Glendening asks funds to take care of disabled $68.4 million to end waiting lists for help

January 16, 1998|By Diana K. Sugg | Diana K. Sugg,SUN STAFF

They packed the room yesterday, some trembling, others taking deep breaths to stop from crying. After a generation of fighting for services for their disabled children, parents listened to the words they'd wanted to hear for so long. They almost didn't believe that help was on the way.

Gov. Parris N. Glendening told them he is proposing a $68.4 million initiative over the next five years to help the developmentally disabled. Rehabilitation services, job training and funds for emergency cases all would be strengthened. But the centerpiece is a vow to eliminate the waiting list of about 5,300 disabled people, many of whom live with aging parents who can barely take care of them.

"We're the only parents who aren't allowed to die," said Lorraine Sheehan, 60, who has been testifying before the General Assembly since 1978. Her son, John, 32, is mentally retarded and autistic. "Now I'll be able to help develop whatever supports he needs before it's an emergency, and I'm dead or dying," she said in wonderment. "It's a tremendous comfort. Finally, it's our turn."

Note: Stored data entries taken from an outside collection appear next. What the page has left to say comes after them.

(* Every nice graph $G=(V,E)$ with $V\neq\emptyset$ has a good subset.
   Context: All graphs are finite and simple. An edge is isolated if both its ends have degree $1$; a graph is nice if it has no isolated edges. For $J\subseteq V$: $E_{J,2}$ is the set of isolated edges of $G-J$; $E_{J,3}$ the set of edges with exactly one end in $J$; $E_{J,4}$ the set of edges with both ends in $J$; $G_{J,3}=(V,E_{J,3})$ and $G_{J,4}=(J,E_{J,4})$. For $i\in V\setminus J$, if $N_{G_{J,3}}(i)=\{j\}$ then $i$ is a private neighbour of $j$. A set $J\subseteq V$ is a good subset if $J\neq\emptyset$ and: (J1) $G_{J,4}$ has maximum degree at most $1$; (J2) $G_{J,3}$ has no isolated edges; (J3) each $j\in J$ has at most one private neighbour; (J4) for each edge $e=\{j,j'\}\in E_{J,4}$ there is a vertex $i_e\in V\setminus J$ with $\{j,j'\}\subseteq N_{G_{J,3}}(i_e)$, neither $j$ nor $j'$ has a private neighbour, and $i_e\neq i_{e'}$ for distinct $e,e'\in E_{J,4}$; (J5) for every edge $e\in E_{J,2}$, each end vertex of $e$ has at least one neighbour in $J$. *)

theory Defs
  imports Main
begin

definition simple_graph :: "'a set \<Rightarrow> 'a set set \<Rightarrow> bool" where
  "simple_graph V E \<longleftrightarrow> finite V \<and> (\<forall>e\<in>E. e \<subseteq> V \<and> card e = 2)"
lemma Phi_convex_comb_le:
  fixes R C s a :: real
  assumes s: "0 \<le> s" "s \<le> 1" and RC: "\<bar>R\<bar> \<le> C" and a: "a = 1 \<or> a = -1"
  shows "Phi (R + a * s) (C + s) \<le> (1 - s) * Phi R C + s * Phi (R + a) (C + 1)"
proof -
  have "max 0 (R + a * s) \<le> (1 - s) * max 0 R + s * max 0 (R + a)"
  proof -
    have "R + a * s = (1 - s) * R + s * (R + a)"
      by (simp add: algebra_simps)
    moreover have "(1 - s) * R \<le> (1 - s) * max 0 R" "s * (R + a) \<le> s * max 0 (R + a)"
      using s by (auto intro: mult_left_mono)
    ultimately show ?thesis
      using s by auto
  qed
  then have "(max 0 (R + a * s))\<^sup>2 / (C + s)
      \<le> (1 - s) * ((max 0 R)\<^sup>2 / C) + s * ((max 0 (R + a))\<^sup>2 / (C + 1))"
    using s RC by (intro power2_div_convex_comb_le) auto
  from divide_right_mono[OF this, of 3] have "Phi (R + a * s) (C + s)
      \<le> exp ((1 - s) * ((max 0 R)\<^sup>2 / (3 * C)) + s * ((max 0 (R + a))\<^sup>2 / (3 * (C + 1))))"
    unfolding Phi_def by (simp add: add_divide_distrib mult.commute)
  also have "\<dots> \<le> (1 - s) * Phi R C + s * Phi (R + a) (C + 1)"
    unfolding Phi_def
    using convex_onD[OF exp_convex, of s "(max 0 R)\<^sup>2 / (3 * C)" "(max 0 (R + a))\<^sup>2 / (3 * (C + 1))"] s
    by simp
  finally show ?thesis .
qed

lemma cosh_le_exp_power2: "cosh d \<le> exp (d\<^sup>2 / 2)" for d :: real
proof -
  define a where "a = \<bar>d\<bar>"
  have "ln ((1 + exp (2 * a)) / 2) \<le> a + d\<^sup>2 / 2"
    using Hoeffdings_lemma_aux[of "2 * a" "1 / 2"]
    by (simp add: a_def power2_eq_square field_simps)
  then have "exp (ln ((1 + exp (2 * a)) / 2)) \<le> exp (a + d\<^sup>2 / 2)"
    by (rule exp_mono)
  then have "(1 + exp (2 * a)) / 2 \<le> exp (a + d\<^sup>2 / 2)"
    by (simp add: add_pos_pos)
  then have "exp (- a) * ((1 + exp (2 * a)) / 2) \<le> exp (- a) * exp (a + d\<^sup>2 / 2)"
    by (intro mult_left_mono) auto
  moreover have "cosh d = exp (- a) * ((1 + exp (2 * a)) / 2)"
    unfolding a_def cosh_field_def
    by (cases "0 \<le> d") (simp_all add: field_simps flip: exp_add)
  ultimately show ?thesis
    by (simp flip: exp_add)
qed

lemma exp_one_third_le: "exp (1 / 3 :: real) \<le> 7 / 5"
proof (rule ccontr)
  assume "\<not> ?thesis"
  then have "(7 / 5 :: real) ^ 3 < exp (1 / 3) ^ 3"
    by (intro power_strict_mono) auto
  also have "exp (1 / 3 :: real) ^ 3 = exp 1"
    by (simp flip: exp_of_nat_mult)
  finally show False
    using e_less_272 by (simp add: eval_nat_numeral)
qed

lemma exp_add_le_exp_add_div:
  fixes s x A :: real
  assumes s: "s \<le> 4 / 3" and x: "x \<le> 1 / (3 * A)" and A: "1 \<le> A"
  shows "exp (s + x) \<le> exp s + 2 / A"
proof -
  have "exp (1 / (3 * A)) = exp ((1 - 1 / A) * 0 + (1 / A) * (1 / 3))"
    by simp
  also have "\<dots> \<le> (1 - 1 / A) * exp 0 + (1 / A) * exp (1 / 3)"
    using convex_onD[OF exp_convex, of "1 / A" 0 "1 / 3"] A by simp
  also have "\<dots> \<le> 1 + (2 / 5) / A"
    using exp_one_third_le A by (simp add: field_simps)
  finally have "exp x - 1 \<le> (2 / 5) / A"
    using exp_mono[OF x] by linarith
  have "exp (s + x) - exp s = exp s * (exp x - 1)"
    by (simp add: exp_add algebra_simps)
  also have "\<dots> \<le> exp s * ((2 / 5) / A)"
    using \<open>exp x - 1 \<le> (2 / 5) / A\<close> by (intro mult_left_mono) auto
  also have "\<dots> \<le> exp (4 / 3) * ((2 / 5) / A)"
    using s A by (intro mult_right_mono) auto
  also have "exp (4 / 3 :: real) = exp (1 / 3) ^ 4"
    by (simp flip: exp_of_nat_mult)
  also have "exp (1 / 3) ^ 4 * ((2 / 5) / A) \<le> (7 / 5) ^ 4 * ((2 / 5) / A)"
    using exp_one_third_le A by (intro mult_right_mono power_mono) auto
  also have "\<dots> \<le> 2 / A"
    using A by (simp add: field_simps)
  finally show ?thesis by simp
qed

If lawmakers approve the plan, Maryland would vault from among the worst of states, when ranked by fiscal effort for disabled services, to among the leaders.

Over the next five years, the state dollars would draw millions in matching federal funds, for a total of $117.9 million. This would boost the budget of the state's Developmental Disabilities Administration (DDA) by 31 percent.

It was a hard-won victory. Families, advocates and government staffers have pleaded the case of the developmentally disabled for years, but as one legislator said, they were never a priority. Last year, The Sun published two front-page articles on aging parents struggling to cope. In a grass-roots effort, Joyce Lipman, president of the ARC of Maryland, rallied discouraged parents to try one more time. Hundreds attended town meetings and wrote politicians about their sons and daughters.

"Telling human stories touches people. People in the Glendening administration were human beings who responded to human beings," said Lipman. "Our stories made a difference."

The governor said they convinced him that he had to act.

"I have been deeply touched," said Glendening, who told the audience he has a brother in Florida who has a serious learning disability. He was institutionalized at one point, but is now living and working in the community, thanks to programs like the ones Glendening proposes to fund. "I feel like I'm able to repay a debt.

"This is the right thing to do," he added, noting that Maryland is the third wealthiest state in the country. "What type of a society do we want to be? We ought to be known as a compassionate and inclusive society."

During the news conference, the emotional crowd of more than 80 people repeatedly interrupted Glendening with applause, and later a standing ovation, as he ticked off what the initiative means in human terms. This year, 2,177 people on the waiting list would get placed in homes or day programs. Personal care attendants, who help with grooming, eating and other needs, would see their pay doubled to $50 a day.

The fund for emergency cases, which repeatedly runs out, would be increased so that disabled adults no longer are stranded without assistance, sometimes landing in homeless shelters. More money would go to a program that trains recent graduates of special education programs and puts them in jobs. Both would become permanent parts of the agency's budget.

"This is a major step forward. It's a tremendous commitment," said Beatrice Rodgers, director of the Governor's Office for Individuals with Disabilities.

Taking care of disabled adults has challenged Maryland, and states across the county, as vast but often unseen forces intersect. People with developmental disabilities are living decades longer. Institutions are closing, but the money for group homes has been limited. Baby boomers, including a bulge of disabled people, are approaching 50, and correspondingly, their parents are in their 70s, 80s and 90s.

Of the people on Maryland's waiting list, about 40 percent of the caregivers are 60 or older. Nationwide, there are about 87,000 people on waiting lists for residential care, according to the Institute on Disability and Human Development at the University of Illinois at Chicago.

Their parents have endured, growing older as they watched the waiting lists grow longer. Maryland families nicknamed the waiting list "the dead and dying list." The constant in their lives was the fear of what would happen to their children if they became ill or passed away. Every time Sheehan stepped onto an airplane, for example, she imagined crashing, and fretted about what might become of her son. When she was diagnosed with breast cancer in 1982, her first thoughts were not about herself, but about John.